* Problem details *
Read the records below. Copy each line where the string "monomials" occurs.

* Exercise materials *
════

(* Let $G$ be a graph obtained as follows: start with a connected bipartite graph (the core) with bipartition $X\sqcup Y$, $X=\{x_1,\dots,x_n\}$, $Y=\{y_1,\dots,y_m\}$, $n,m\ge 1$; attach $f_i\ge 1$ leaves (new degree-one vertices adjacent only to $x_i$) to each $x_i$; and attach $t_j\ge 0$ pendant triangles to each $y_j$ (a pendant triangle at $y_j$ consists of two new vertices $u,v$ with edges $\{y_j,u\},\{y_j,v\},\{u,v\}$). Let $T=\sum_{j=1}^m t_j$. Then $P_G(-1)=(-1)^{n+T}\in\{\pm1\}$. In particular, $\mathfrak a(G)=0$.
   Context: The independence polynomial of a graph $G$ is $P_G(x)=\sum_i g_ix^i$, where $g_i$ is the number of independent sets of size $i$. For $G$ on vertex set $[N]$, let $S=K[x_1,\dots,x_N]$ ($K$ a field), $I(G)$ the edge ideal generated by $x_ix_j$ for edges $\{i,j\}$, and $\alpha(G)$ the independence number (equal to $\dim S/I(G)$). Writing the Hilbert series of $S/I(G)$ uniquely as $h_G(t)/(1-t)^{\alpha(G)}$ with $h_G(t)$ a polynomial with nonzero leading coefficient, the $\mathfrak a$-invariant is $\mathfrak a(G)=\deg h_G(t)-\alpha(G)$. *)

theory Defs
  imports "HOL-Computational_Algebra.Computational_Algebra"
begin

definition simple_graph :: "'a set \<Rightarrow> 'a set set \<Rightarrow> bool" where
  "simple_graph V E \<longleftrightarrow> finite V \<and> (\<forall>e\<in>E. e \<subseteq> V \<and> card e = 2)"

definition indep_set :: "'a set \<Rightarrow> 'a set set \<Rightarrow> 'a set \<Rightarrow> bool" where
  "indep_set V E S \<longleftrightarrow> S \<subseteq> V \<and> (\<forall>e\<in>E. \<not> e \<subseteq> S)"

definition indep_poly :: "'a set \<Rightarrow> 'a set set \<Rightarrow> int poly" where
  "indep_poly V E = (\<Sum>S\<in>{S. indep_set V E S}. monom 1 (card S))"

definition indep_num :: "'a set \<Rightarrow> 'a set set \<Rightarrow> nat" where
  "indep_num V E = Max (card ` {S. indep_set V E S})"

text \<open>The degree-d component of S/I(G), for the monomial ideal I(G), has as K-basis the
  standard monomials of degree d, i.e. the monomials x^a (a : V \<Rightarrow> nat, supported on V)
  of degree d not divisible by any x_i x_j with {i,j} an edge. Its dimension is thus
  the following count (independent of the field K).\<close>
definition hilb_fun :: "'a set \<Rightarrow> 'a set set \<Rightarrow> nat \<Rightarrow> nat" where
  "hilb_fun V E d = card {a :: 'a \<Rightarrow> nat. (\<forall>v. v \<notin> V \<longrightarrow> a v = 0) \<and> sum a V = d
                         \<and> (\<forall>e\<in>E. \<not> (\<forall>v\<in>e. 0 < a v))}"

definition hilb_series :: "'a set \<Rightarrow> 'a set set \<Rightarrow> rat fps" where
  "hilb_series V E = Abs_fps (\<lambda>d. of_nat (hilb_fun V E d))"

definition h_poly :: "'a set \<Rightarrow> 'a set set \<Rightarrow> rat poly" where
  "h_poly V E = (THE h. fps_of_poly h = hilb_series V E * (1 - fps_X) ^ indep_num V E)"

definition a_invariant :: "'a set \<Rightarrow> 'a set set \<Rightarrow> int" where
  "a_invariant V E = int (degree (h_poly V E)) - int (indep_num V E)"

text \<open>Vertices: core vertices x_i (i<n), y_j (j<m); leaves Lf i k (k < f i) at x_i;
  pendant triangle k at y_j has new vertices TU j k, TW j k (k < t j).\<close>
datatype gv = Xv nat | Yv nat | Lf nat nat | TU nat nat | TW nat nat

text \<open>C \<subseteq> {..<n} \<times> {..<m} describes the core edges {x_i, y_j}.\<close>
definition core_verts :: "nat \<Rightarrow> nat \<Rightarrow> gv set" where
  "core_verts n m = Xv ` {..<n} \<union> Yv ` {..<m}"

definition core_adj :: "(nat \<times> nat) set \<Rightarrow> gv \<Rightarrow> gv \<Rightarrow> bool" where
  "core_adj C u v \<longleftrightarrow> (\<exists>(i,j)\<in>C. (u = Xv i \<and> v = Yv j) \<or> (u = Yv j \<and> v = Xv i))"

definition core_connected :: "nat \<Rightarrow> nat \<Rightarrow> (nat \<times> nat) set \<Rightarrow> bool" where
  "core_connected n m C \<longleftrightarrow> (\<forall>u\<in>core_verts n m. \<forall>v\<in>core_verts n m. (core_adj C)\<^sup>*\<^sup>* u v)"

definition G_verts :: "nat \<Rightarrow> nat \<Rightarrow> (nat \<Rightarrow> nat) \<Rightarrow> (nat \<Rightarrow> nat) \<Rightarrow> gv set" where
  "G_verts n m f t = core_verts n m
     \<union> {Lf i k | i k. i < n \<and> k < f i}
     \<union> {TU j k | j k. j < m \<and> k < t j} \<union> {TW j k | j k. j < m \<and> k < t j}"

definition G_edges :: "nat \<Rightarrow> nat \<Rightarrow> (nat \<times> nat) set \<Rightarrow> (nat \<Rightarrow> nat) \<Rightarrow> (nat \<Rightarrow> nat) \<Rightarrow> gv set set" where
  "G_edges n m C f t = {{Xv i, Yv j} | i j. (i, j) \<in> C}
     \<union> {{Xv i, Lf i k} | i k. i < n \<and> k < f i}
     \<union> {{Yv j, TU j k} | j k. j < m \<and> k < t j}
     \<union> {{Yv j, TW j k} | j k. j < m \<and> k < t j}
     \<union> {{TU j k, TW j k} | j k. j < m \<and> k < t j}"

end

theory Submission
  imports Defs
begin

text \<open>Write $Q(G) = P_G(-1) = \sum_S (-1)^{|S|}$ over the independent sets $S$ of $G$. Splitting
  by whether $S$ contains a vertex $v$ gives $Q(G) = Q(G - v) - Q(G - N[v])$; if $v$ has a pendant
  neighbour, that neighbour is isolated in $G - v$, which forces $Q(G - v) = 0$, so
  $Q(G) = -Q(G - N[v])$. Applying this at $x_1, \dots, x_n$ in turn (each carries a leaf) deletes
  every core vertex, since by connectivity each $y_j$ is adjacent to some $x_i$. What remains is
  $T$ disjoint triangles, each of which contributes another factor $-1$ in the same way.

  For the $\mathfrak a$-invariant, the standard monomials of $S/I(G)$ are graded by their
  support, an independent set, which gives
  $h_G(t) = \sum_S t^{|S|} (1-t)^{\alpha - |S|}$. Its coefficient of $t^\alpha$ is
  $(-1)^\alpha P_G(-1) \neq 0$, so $\deg h_G = \alpha$.\<close>

definition alt_indep_count :: "'a set \<Rightarrow> 'a set set \<Rightarrow> int" where
  "alt_indep_count V E = (\<Sum>S | indep_set V E S. (-1) ^ card S)"

definition neighbours :: "'a set set \<Rightarrow> 'a \<Rightarrow> 'a set" where
  "neighbours E v = {u. u \<noteq> v \<and> {v, u} \<in> E}"

lemma finite_indep_sets: "finite V \<Longrightarrow> finite {S. indep_set V E S}"
  by (rule finite_subset[of _ "Pow V"]) (auto simp: indep_set_def)

lemma finite_indep_set: "finite V \<Longrightarrow> indep_set V E S \<Longrightarrow> finite S"
  by (auto simp: indep_set_def intro: finite_subset)

lemma poly_indep_poly_minus_one: "poly (indep_poly V E) (-1) = alt_indep_count V E"
  by (simp add: indep_poly_def alt_indep_count_def poly_sum poly_monom)

lemma alt_indep_count_empty: "{} \<notin> E \<Longrightarrow> alt_indep_count {} E = 1"
proof -
  assume "{} \<notin> E"
  then have "{S. indep_set {} E S} = {{}}" by (auto simp: indep_set_def)
  then show ?thesis by (simp add: alt_indep_count_def)
qed

lemma indep_set_insert_iff:
  assumes E: "\<forall>e\<in>E. card e = 2" and "v \<notin> S"
  shows "indep_set V E (insert v S) \<longleftrightarrow> v \<in> V \<and> indep_set (V - insert v (neighbours E v)) E S"
proof
  assume indep: "indep_set V E (insert v S)"
  then have "u \<notin> S" if "u \<in> neighbours E v" for u
    using that by (auto simp: indep_set_def neighbours_def)
  then show "v \<in> V \<and> indep_set (V - insert v (neighbours E v)) E S"
    using indep \<open>v \<notin> S\<close> by (auto simp: indep_set_def)
next
  assume v: "v \<in> V \<and> indep_set (V - insert v (neighbours E v)) E S"
  have "\<not> e \<subseteq> insert v S" if "e \<in> E" for e
  proof
    assume sub: "e \<subseteq> insert v S"
    obtain a b where e: "e = {a, b}" "a \<noteq> b"
      using E \<open>e \<in> E\<close> by (auto simp: card_2_iff)
    show False
    proof (cases "v \<in> e")
      case True
      then obtain u where "e = {v, u}" "u \<noteq> v" using e by auto
      then show False using v sub \<open>e \<in> E\<close> by (auto simp: indep_set_def neighbours_def)
    next
      case False
      then show False using v sub \<open>e \<in> E\<close> by (auto simp: indep_set_def)
    qed
  qed
  then show "indep_set V E (insert v S)" using v by (auto simp: indep_set_def)
qed

lemma alt_indep_count_delete_vertex:
  assumes V: "finite V" and "v \<in> V" and E: "\<forall>e\<in>E. card e = 2"
  shows "alt_indep_count V E
           = alt_indep_count (V - {v}) E - alt_indep_count (V - insert v (neighbours E v)) E"
proof -
  let ?I = "{S. indep_set V E S}" and ?J = "{S. indep_set (V - insert v (neighbours E v)) E S}"
  have without_v: "?I - {S. v \<in> S} = {S. indep_set (V - {v}) E S}"
    by (auto simp: indep_set_def)
  have with_v: "?I \<inter> {S. v \<in> S} = insert v ` ?J"
  proof (intro set_eqI iffI)
    fix T assume T: "T \<in> ?I \<inter> {S. v \<in> S}"
    then have "T - {v} \<in> ?J"
      using indep_set_insert_iff[OF E, of v "T - {v}" V] by (simp add: insert_absorb)
    with T show "T \<in> insert v ` ?J" by (metis IntD2 insert_Diff mem_Collect_eq rev_image_eqI)
  next
    fix T assume "T \<in> insert v ` ?J"
    then obtain S where "S \<in> ?J" "T = insert v S" by auto
    moreover have "v \<notin> S" using \<open>S \<in> ?J\<close> by (auto simp: indep_set_def)
    ultimately show "T \<in> ?I \<inter> {S. v \<in> S}"
      using indep_set_insert_iff[OF E, of v S V] \<open>v \<in> V\<close> by simp
  qed
  have "inj_on (insert v) ?J"
    by (rule inj_onI) (auto simp: indep_set_def)
  then have "(\<Sum>S\<in>?I \<inter> {S. v \<in> S}. (-1::int) ^ card S) = (\<Sum>S\<in>?J. (-1) ^ card (insert v S))"
    unfolding with_v by (simp add: sum.reindex)
  also have "\<dots> = - alt_indep_count (V - insert v (neighbours E v)) E"
    unfolding alt_indep_count_def sum_negf[symmetric]
  proof (rule sum.cong[OF refl])
    fix S assume "S \<in> ?J"
    then have "finite S" "v \<notin> S" using finite_indep_set[OF V] by (auto simp: indep_set_def)
    then show "(-1::int) ^ card (insert v S) = - ((-1) ^ card S)" by simp
  qed
  finally have "(\<Sum>S\<in>?I \<inter> {S. v \<in> S}. (-1) ^ card S)
      = - alt_indep_count (V - insert v (neighbours E v)) E" .
  moreover have "alt_indep_count V E
      = (\<Sum>S\<in>?I \<inter> {S. v \<in> S}. (-1) ^ card S) + (\<Sum>S\<in>?I - {S. v \<in> S}. (-1) ^ card S)"
    unfolding alt_indep_count_def by (rule sum.Int_Diff[OF finite_indep_sets[OF V]])
  ultimately show ?thesis unfolding without_v alt_indep_count_def by simp
qed
lemma pos_root_in_span_simple_inner_nonneg:
  assumes "root_system \<Phi>" "simple_system \<Phi> \<Delta>" "\<beta> \<in> \<Delta>"
    and "g \<in> pos_roots \<Phi> \<Delta>" "g \<in> span {\<beta>}"
  shows "g \<bullet> \<beta> \<ge> 0"
proof -
  obtain t where t: "g = t *\<^sub>R \<beta>"
    using assms(5) by (auto simp: real_vector.span_singleton)
  obtain c where c: "g = (\<Sum>\<alpha>\<in>\<Delta>. c \<alpha> *\<^sub>R \<alpha>)" and c_nonneg: "\<forall>\<alpha>\<in>\<Delta>. c \<alpha> \<ge> 0"
    using assms(4) unfolding pos_roots_def by blast
  have "c \<beta> = t"
    using independent_combination_eq_scaleR[of \<Delta> \<beta> \<beta> c t] assms(2,3) c t
      simple_system_finite[OF assms(1,2)] unfolding simple_system_def by simp
  with c_nonneg assms(3) have "t \<ge> 0" by auto
  then show ?thesis by (simp add: t)
qed

lemma refl_simple_root_pos_root:
  assumes "root_system \<Phi>" "simple_system \<Phi> \<Delta>" "\<beta> \<in> \<Delta>"
    and "g \<in> pos_roots \<Phi> \<Delta>" "g \<notin> span {\<beta>}"
  shows "refl_vec \<beta> g \<in> pos_roots \<Phi> \<Delta>"
proof -
  have fin: "finite \<Delta>" using simple_system_finite[OF assms(1,2)] .
  have ind: "independent \<Delta>" and \<Delta>_roots: "\<Delta> \<subseteq> \<Phi>" using assms(2) unfolding simple_system_def by auto
  obtain c where c: "g = (\<Sum>\<alpha>\<in>\<Delta>. c \<alpha> *\<^sub>R \<alpha>)" and c_nonneg: "\<forall>\<alpha>\<in>\<Delta>. c \<alpha> \<ge> 0"
    using assms(4) unfolding pos_roots_def by blast
  obtain a where a: "a \<in> \<Delta>" "a \<noteq> \<beta>" "c a > 0"
  proof -
    have "\<exists>a\<in>\<Delta>. a \<noteq> \<beta> \<and> c a \<noteq> 0"
    proof (rule ccontr)
      assume "\<not> ?thesis"
      then have "c \<alpha> = 0" if "\<alpha> \<in> \<Delta>" "\<alpha> \<noteq> \<beta>" for \<alpha>
        using that by blast
      then have "c \<alpha> *\<^sub>R \<alpha> \<in> span {\<beta>}" if "\<alpha> \<in> \<Delta>" for \<alpha>
        using that by (cases "\<alpha> = \<beta>") (simp_all add: span_base span_mul real_vector.span_zero)
      then have "g \<in> span {\<beta>}" unfolding c by (intro span_sum) auto
      with assms(5) show False ..
    qed
    with c_nonneg that show ?thesis by force
  qed
  have s_root: "refl_vec \<beta> g \<in> \<Phi>"
    using assms(1,3,4) \<Delta>_roots unfolding root_system_def pos_roots_def by blast
  then obtain d where d: "refl_vec \<beta> g = (\<Sum>\<alpha>\<in>\<Delta>. d \<alpha> *\<^sub>R \<alpha>)"
    and d_sign: "(\<forall>\<alpha>\<in>\<Delta>. d \<alpha> \<ge> 0) \<or> (\<forall>\<alpha>\<in>\<Delta>. d \<alpha> \<le> 0)"
    using assms(2) unfolding simple_system_def by blast
  \<comment> \<open>the reflection only moves the \<open>\<beta>\<close>-coordinate, so the positive \<open>a\<close>-coordinate survives\<close>
  define k where "k = 2 * (g \<bullet> \<beta>) / (\<beta> \<bullet> \<beta>)"
  have "(\<Sum>\<alpha>\<in>\<Delta>. (d \<alpha> - c \<alpha>) *\<^sub>R \<alpha>) = refl_vec \<beta> g - g"
    by (simp add: scaleR_diff_left sum_subtractf flip: c d)
  also have "\<dots> = (- k) *\<^sub>R \<beta>"
    by (simp add: refl_vec_def k_def)
  finally have "d a = c a"
    using independent_combination_eq_scaleR[OF fin ind assms(3) a(1), of "\<lambda>\<alpha>. d \<alpha> - c \<alpha>" "- k"] a(2)
    by simp
  with d_sign a have "\<forall>\<alpha>\<in>\<Delta>. d \<alpha> \<ge> 0" by force
  with s_root d show ?thesis unfolding pos_roots_def by blast
qed

lemma two_rho_inner_simple_root_pos:
  assumes "root_system \<Phi>" "simple_system \<Phi> \<Delta>" "\<beta> \<in> \<Delta>"
    and dimg_pos: "\<forall>\<alpha>\<in>\<Phi>. dimg \<alpha> > 0"
    and dimg_refl: "\<forall>\<alpha>\<in>\<Phi>. \<forall>\<gamma>\<in>\<Phi>. dimg (refl_vec \<alpha> \<gamma>) = dimg \<gamma>"
  shows "two_rho \<Phi> \<Delta> dimg \<bullet> \<beta> > 0"
proof -
  define P where "P = pos_roots \<Phi> \<Delta>"
  define N where "N = P - span {\<beta>}"
  define f where "f g = real (dimg g) * (g \<bullet> \<beta>)" for g
  define s where "s = refl_vec \<beta>"
  have P_roots: "P \<subseteq> \<Phi>" unfolding P_def pos_roots_def by auto
  have fin: "finite P" using P_roots assms(1) finite_subset unfolding root_system_def by blast
  have \<beta>_root: "\<beta> \<in> \<Phi>" using assms(2,3) unfolding simple_system_def by blast
  then have \<beta>_nz: "\<beta> \<noteq> 0" using assms(1) unfolding root_system_def by blast
  have s_invol: "s (s g) = g" for g unfolding s_def using refl_vec_refl_vec[OF \<beta>_nz] .
  have s_maps: "s g \<in> N" if "g \<in> N" for g
    using that refl_simple_root_pos_root[OF assms(1-3)] refl_vec_in_span_iff
    unfolding s_def P_def N_def by blast
  have f_s: "f (s g) = - f g" if "g \<in> N" for g
    using that P_roots dimg_refl \<beta>_root refl_vec_inner[OF \<beta>_nz, of g]
    unfolding f_def s_def N_def by auto
  have "sum f N = sum (f \<circ> s) N"
    by (rule sum.reindex_bij_witness[where i=s and j=s]) (auto simp: s_invol s_maps)
  also have "\<dots> = - sum f N"
    using f_s by (simp add: sum_negf)
  finally have N_zero: "sum f N = 0" by simp
  have \<beta>_in: "\<beta> \<in> P \<inter> span {\<beta>}"
    using simple_root_pos_root[OF assms(1-3)] span_base unfolding P_def by blast
  have "f \<beta> > 0" using dimg_pos \<beta>_root \<beta>_nz unfolding f_def by simp
  moreover have "f g \<ge> 0" if "g \<in> P \<inter> span {\<beta>}" for g
    using that pos_root_in_span_simple_inner_nonneg[OF assms(1-3)] unfolding f_def P_def by simp
  ultimately have M_pos: "sum f (P \<inter> span {\<beta>}) > 0"
    using fin \<beta>_in by (intro sum_pos2[of _ \<beta>]) auto
  have "two_rho \<Phi> \<Delta> dimg \<bullet> \<beta> = sum f P"
    unfolding two_rho_def P_def f_def by (simp add: inner_sum_left)
  also have "\<dots> = sum f (P \<inter> span {\<beta>}) + sum f N"
    unfolding N_def using fin by (rule sum.Int_Diff)
  finally show ?thesis using N_zero M_pos by simp
qed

════

* Problem solution *
  standard monomials of degree d, i.e. the monomials x^a (a : V \<Rightarrow> nat, supported on V)
  For the $\mathfrak a$-invariant, the standard monomials of $S/I(G)$ are graded by their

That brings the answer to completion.